MCP server with RAG for llms.txt documentation
Project description
LLMDoc
MCP server with RAG (BM25) for llms.txt documentation. Provides semantic search across documentation sources with automatic background refresh.
Features
- llms.txt support - Automatically parses and indexes documentation from llms.txt files
- BM25 search - Fast, keyword-based retrieval with relevance scoring and stopword filtering
- Named sources - Configure sources with names like
fast_mcp:https://...for easy filtering - Source filtering - Search across all sources or filter by specific source name
- Persistent storage - DuckDB-based index that survives restarts
- Background refresh - Configurable auto-refresh interval (default: 6 hours)

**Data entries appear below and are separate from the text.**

definition convex_lse :: "(nat \<Rightarrow> real) \<Rightarrow> nat \<Rightarrow> real" where
  "convex_lse q = (THE p. p \<in> convex_l2 \<and> (\<forall>r\<in>convex_l2. Phi q p \<le> Phi q r))"

lemma lse_eq_convex_lse: "lse X n \<omega> = convex_lse (empirical_pmf X n \<omega>)"
  by (simp add: lse_def convex_lse_def)

lemma convex_lse:
  assumes "summable (\<lambda>k. (q k)\<^sup>2)"
  shows "convex_lse q \<in> convex_l2 \<and> (\<forall>r\<in>convex_l2. Phi q (convex_lse q) \<le> Phi q r)"
proof -
  have "\<exists>!p. p \<in> convex_l2 \<and> (\<forall>r\<in>convex_l2. Phi q p \<le> Phi q r)"
    using convex_l2_minimiser_exists[OF assms] convex_l2_minimiser_unique[OF assms] by blast
  thus ?thesis unfolding convex_lse_def by (rule theI')
qed

section \<open>Error bounds for the estimator\<close>

text \<open>Basic inequality: if ph does at least as well as p0 \<in> C in the least squares
  criterion, then ||ph - p0||_2 <= 2 ||q - p0||_2 (triangle inequality).\<close>
lemma lse_sq_error_bound:
  fixes q p0 ph :: "nat \<Rightarrow> real"
  assumes qs: "summable (\<lambda>k. (q k)\<^sup>2)" and p0: "p0 \<in> convex_l2" and ph: "ph \<in> convex_l2"
    and le: "Phi q ph \<le> Phi q p0"
  shows "summable (\<lambda>k. (ph k - p0 k)\<^sup>2) \<and> (\<Sum>k. (ph k - p0 k)\<^sup>2) \<le> 4 * (\<Sum>k. (q k - p0 k)\<^sup>2)"
proof -
  have sq: "summable (\<lambda>k. (p0 k)\<^sup>2)" "summable (\<lambda>k. (ph k)\<^sup>2)"
    using p0 ph by (auto simp: convex_l2_def)
  have sh: "summable (\<lambda>k. (q k - ph k)\<^sup>2)" and s0: "summable (\<lambda>k. (q k - p0 k)\<^sup>2)"
    and sd: "summable (\<lambda>k. (ph k - p0 k)\<^sup>2)"
    using summable_sq_diff qs sq by auto
  have "(\<Sum>k. (ph k - p0 k)\<^sup>2) \<le> (\<Sum>k. 2 * (q k - ph k)\<^sup>2 + 2 * (q k - p0 k)\<^sup>2)"
    using sq_diff_le[of "ph k - q k" "p0 k - q k" for k]
    by (intro suminf_le sd summable_add summable_mult sh s0) (simp add: power2_commute)
  also have "\<dots> = 2 * (\<Sum>k. (q k - ph k)\<^sup>2) + 2 * (\<Sum>k. (q k - p0 k)\<^sup>2)"
    by (intro sums_unique[symmetric] sums_add sums_mult summable_sums sh s0)
  also have "\<dots> \<le> 4 * (\<Sum>k. (q k - p0 k)\<^sup>2)" using le by (simp add: Phi_def)
  finally show ?thesis using sd by simp
qed
(* Put $A=y+x\in\mathcal H''$, so that $A^*=x-y$. (a) Every $h\in\mathcal H''$ can be written uniquely as $$h=\sum c_{a\delta b}\,(A^* )^a s^\delta A^b,\qquad a,b\in\mathbb Z_{\ge0},\ \delta\in\{0,1\},$$ with finitely many nonzero coefficients $c_{a\delta b}\in\mathbb C$. (b) Define the coinvariant $\llbracket h\rrbracket=c_{000}+c_{010}$, and for $f,g\in\mathbb C[x]\subset\mathcal H''$ put $\{f,g\}=\llbracket f^*g\rrbracket$. Then for all $a,b\in\mathbb Z_{\ge0}$: $$\{x^a,x^b\}=0\quad\text{if } a+b \text{ is odd},$$ $$\{x^a,x^b\}=2^{-p}\prod_{i=0}^{p-1}\big(\tfrac12+k+i\big)\quad\text{if } a+b=2p.$$
   Context: The rational DAHA $\mathcal H''$ of type $A_1$ (with parameter $k\in\mathbb C$) is the $\mathbb C$-algebra generated by $x,y,s$ subject to $$[y,x]=\tfrac12+ks,\qquad s^2=1,\qquad sxs=-x,\qquad sys=-y.$$ $*$ denotes the anti-involution of $\mathcal H''$ with $x^*=x$, $y^*=-y$, $s^*=s$. The subalgebra generated by $x$ is identified with $\mathbb C[x]$. *)

theory Defs
  imports Complex_Main "HOL-Library.Poly_Mapping"
begin

text \<open>The rational DAHA H'' of type A1 is realised as the free associative
complex algebra on generators x, y, s (finitely supported complex functions on
words, with concatenation-convolution product) modulo the two-sided ideal
generated by the defining relations.  Equality in H'' is congruence modulo
that ideal.\<close>

datatype gen = GX | GY | GS

type_synonym fa = "gen list \<Rightarrow>\<^sub>0 complex"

- Source attribution - Every search result includes source name and URL
Quick Start
- Add to Claude Code (
~/.claude/claude_code_config.json):
{
"mcpServers": {
"llmdoc": {
"command": "uvx",
"args": ["llmdoc"],
"env": {
"LLMDOC_SOURCES": "fast_mcp:https://gofastmcp.com/llms.txt"
}
}
}
}
-
Restart Claude Code - the server will automatically fetch and index documentation.
-
Ask Claude questions like "How do I create a tool in FastMCP?" and it will search the indexed docs.
What is llms.txt?
llms.txt is a specification for providing LLM-friendly documentation. Websites add a /llms.txt markdown file to their root directory containing curated, concise content optimized for AI consumption. LLMDoc indexes these files and their linked documents to enable semantic search.
Example sources:
Installation
# Run directly with uvx (no install needed)
uvx llmdoc
# Or install with uv
uv tool install llmdoc
# Or install with pip
pip install llmdoc
# Or install with pipx
pipx install llmdoc
Configuration
Source Format
Sources can be specified in two formats:
- Named:
name:url- e.g.,fast_mcp:https://gofastmcp.com/llms.txt - Unnamed: Just the URL - name is auto-generated from domain
Named sources allow you to filter search results by source name.
Environment Variables
# Comma-separated list of sources (named or unnamed)
export LLMDOC_SOURCES="fast_mcp:https://gofastmcp.com/llms.txt,pydantic_ai:https://ai.pydantic.dev/llms.txt"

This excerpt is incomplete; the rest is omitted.